My own novel-writing project has followed this trajectory as well: the vague and grandiose vision with which I began was eventually revealed as a half-baked first sentence full of adverbs. And I hate adverbs. But through a good deal of talking to myself, by writing, I believe I am coming to something a little more chewy. And the more I fuss with the detail of imagining a world, real or fantastical, in which my characters, those little avatars of self, might inhabit and do something interesting in, the richer the possibilities become. I am using, off and on, the snowflake method, which I found somewhere online, where one starts with a one sentence summary, moves through a longer synopsis, characters sketches and synopses, and then something else.
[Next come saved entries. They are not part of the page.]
lemma dual_principle_ran:
  fixes A :: "'a::{real_inner,complete_space} \<Rightarrow> 'b::{real_inner,complete_space}"
  assumes dd: "dd_closed_op D A" and R: "closed (ran D A)" and x: "x \<in> adj_dom D A" "adj D A x = g"
    and eA: "orth_proj (ran D A) (x - xt) = eA"
  shows "(\<forall>\<phi>\<in>D. 2 * inner g \<phi> - inner (2 *\<^sub>R xt + A \<phi>) (A \<phi>) \<le> (norm eA)\<^sup>2)
     \<and> red_inv D A (ran (adj_dom D A) (adj D A)) eA \<in> D \<inter> ran (adj_dom D A) (adj D A)
     \<and> A (red_inv D A (ran (adj_dom D A) (adj D A)) eA) = eA
     \<and> (let \<phi> = red_inv D A (ran (adj_dom D A) (adj D A)) eA in
          2 * inner g \<phi> - inner (2 *\<^sub>R xt + A \<phi>) (A \<phi>) = (norm eA)\<^sup>2)"
proof -
  have lin: "lin_op D A" and dens: "densely_defined D" using dd by (auto simp: dd_closed_op_def)
  have RS: "subspace (ran D A)" "closed (ran D A)" using subspace_ran[OF lin] R .
  have functional: "2 * inner g \<phi> - inner (2 *\<^sub>R xt + A \<phi>) (A \<phi>)
      = 2 * inner (A \<phi>) (x - xt) - inner (A \<phi>) (A \<phi>)"
    if "\<phi> \<in> D" for \<phi>
    using inner_adj[OF dens x(1) that] x(2) by (intro dual_functional_eq) (simp add: inner_commute)
  have "A \<phi> \<in> ran D A" if "\<phi> \<in> D" for \<phi> using that by (simp add: ran_def)
  then have le: "\<forall>\<phi>\<in>D. 2 * inner g \<phi> - inner (2 *\<^sub>R xt + A \<phi>) (A \<phi>) \<le> (norm eA)\<^sup>2"
    using functional orth_proj_dual_le[OF RS] by (simp add: eA[symmetric])
  define \<phi> where "\<phi> = red_inv D A (ran (adj_dom D A) (adj D A)) eA"
  have \<phi>: "\<phi> \<in> D \<inter> ran (adj_dom D A) (adj D A) \<and> A \<phi> = eA"
    unfolding \<phi>_def eA[symmetric] using red_inv_ran[OF dd R] orth_proj_in[OF RS] by blast
  have "2 * inner g \<phi> - inner (2 *\<^sub>R xt + A \<phi>) (A \<phi>) = (norm eA)\<^sup>2"
    using functional[of \<phi>] \<phi> orth_proj_dual_eq[OF RS, of "x - xt", unfolded eA] by simp
  with le \<phi> show ?thesis unfolding Let_def \<phi>_def by blast
qed

lemma dual_principle_ran_adj:
  fixes A :: "'a::{real_inner,complete_space} \<Rightarrow> 'b::{real_inner,complete_space}"
  assumes dd: "dd_closed_op D A" and R: "closed (ran D A)" and x: "x \<in> D" "A x = f"
    and eA: "orth_proj (ran (adj_dom D A) (adj D A)) (x - xt) = eA"
  shows "(\<forall>\<phi>\<in>adj_dom D A. 2 * inner f \<phi> - inner (2 *\<^sub>R xt + adj D A \<phi>) (adj D A \<phi>) \<le> (norm eA)\<^sup>2)
     \<and> red_inv (adj_dom D A) (adj D A) (ran D A) eA \<in> adj_dom D A \<inter> ran D A
     \<and> adj D A (red_inv (adj_dom D A) (adj D A) (ran D A) eA) = eA
     \<and> (let \<phi> = red_inv (adj_dom D A) (adj D A) (ran D A) eA in
          2 * inner f \<phi> - inner (2 *\<^sub>R xt + adj D A \<phi>) (adj D A \<phi>) = (norm eA)\<^sup>2)"
proof -
  have lin: "lin_op D A" and dens: "densely_defined D" using dd by (auto simp: dd_closed_op_def)
  have RS: "subspace (ran (adj_dom D A) (adj D A))" "closed (ran (adj_dom D A) (adj D A))"
    unfolding ran_adj_closed_range[OF dd R] by (rule orth_compl_subspace, rule orth_compl_closed)
  have functional: "2 * inner f \<phi> - inner (2 *\<^sub>R xt + adj D A \<phi>) (adj D A \<phi>)
      = 2 * inner (adj D A \<phi>) (x - xt) - inner (adj D A \<phi>) (adj D A \<phi>)"
    if "\<phi> \<in> adj_dom D A" for \<phi>
    using inner_adj[OF dens that x(1)] x(2) by (intro dual_functional_eq) (simp add: inner_commute)
  have "adj D A \<phi> \<in> ran (adj_dom D A) (adj D A)" if "\<phi> \<in> adj_dom D A" for \<phi>
    using that by (simp add: ran_def)
  then have le: "\<forall>\<phi>\<in>adj_dom D A. 2 * inner f \<phi> - inner (2 *\<^sub>R xt + adj D A \<phi>) (adj D A \<phi>) \<le> (norm eA)\<^sup>2"
    using functional orth_proj_dual_le[OF RS] by (simp add: eA[symmetric])
  define \<phi> where "\<phi> = red_inv (adj_dom D A) (adj D A) (ran D A) eA"
  have \<phi>: "\<phi> \<in> adj_dom D A \<inter> ran D A \<and> adj D A \<phi> = eA"
    unfolding \<phi>_def eA[symmetric] using red_inv_ran_adj[OF dens lin R] orth_proj_in[OF RS] by blast
  have "2 * inner f \<phi> - inner (2 *\<^sub>R xt + adj D A \<phi>) (adj D A \<phi>) = (norm eA)\<^sup>2"
    using functional[of \<phi>] \<phi> orth_proj_dual_eq[OF RS, of "x - xt", unfolded eA] by simp
  with le \<phi> show ?thesis unfolding Let_def \<phi>_def by blast
qed

lemma dual_principle_subspace:
  fixes K :: "'a::{real_inner,complete_space} set" and xt :: 'a
  assumes K: "subspace K" "closed K" and k: "orth_proj K x = k"
  defines "eK \<equiv> orth_proj K (x - xt)"
  shows "(\<forall>\<theta>\<in>K. inner (2 *\<^sub>R (k - xt) - \<theta>) \<theta> \<le> (norm eK)\<^sup>2)
    \<and> inner (2 *\<^sub>R (k - xt) - eK) eK = (norm eK)\<^sup>2"
proof -
  have functional: "inner (2 *\<^sub>R (k - xt) - \<theta>) \<theta> = 2 * inner \<theta> (x - xt) - inner \<theta> \<theta>" if "\<theta> \<in> K" for \<theta>
  proof -
    have "inner (x - k) \<theta> = 0" using orth_proj_orth[OF K that, of x] k by simp
    then have "inner k \<theta> = inner \<theta> x" by (simp add: inner_diff_right inner_commute)
    from dual_functional_eq[OF this, of xt] show ?thesis
      by (simp add: inner_diff_left inner_add_left)
  qed
  show ?thesis
    using functional orth_proj_dual_le[OF K] orth_proj_dual_eq[OF K] orth_proj_in[OF K] by (simp add: eK_def)
qed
I have decided to treat what I hope will be a three part/volume novel as one, making the relationships between the plot elements, the world, and the characters more organic.

I'm very pleased with the arrival of a new main supporting character, Kral Sviň (King of the Pigs) who is adult with undisclosed some special abilities and relationship, and a business. His business of raising pigs and selling pork products is the centerpiece and engine of the plot. He wants to make sausage, in particular, something like Prosciutto, and he has no salt. He is limited to fresh and frozen pork products and to smoke curing. [Of course, as we find out later, salt has other special properties in which he has a keen interest.] Both main characters find themselves working for Kral Sviň, who has many stories about history and life. [It turns out that he has been around since the time of the Union, several normal lifetimes, in various guises and is related to the Rromii: perhaps he is actually one of them. Both Havel and Bloehm seem to find themselves with him by strange chance, but it is their magic that has brought them to him. In fact, he collects magical young people. I'm thinking of a sort of Romani-Slovak Obi Wan Kenobe with pigs. So the pig-slaughter, the zabijačka, will figure in the story as well. Another major secondary character is Jasmina, who Havel is supposed to protect in the first part, but who disappears in the battle at Kráľova hoľa (where Slovak folk hero Juraj Jánošík appears ... more on that later). Anyway, each added character and place, full contextualized historically, geographically and culturally, puts the meat on the bone. Though more and more, it doesn't seem absolutely necessary to the story that there be a futuristic setting ...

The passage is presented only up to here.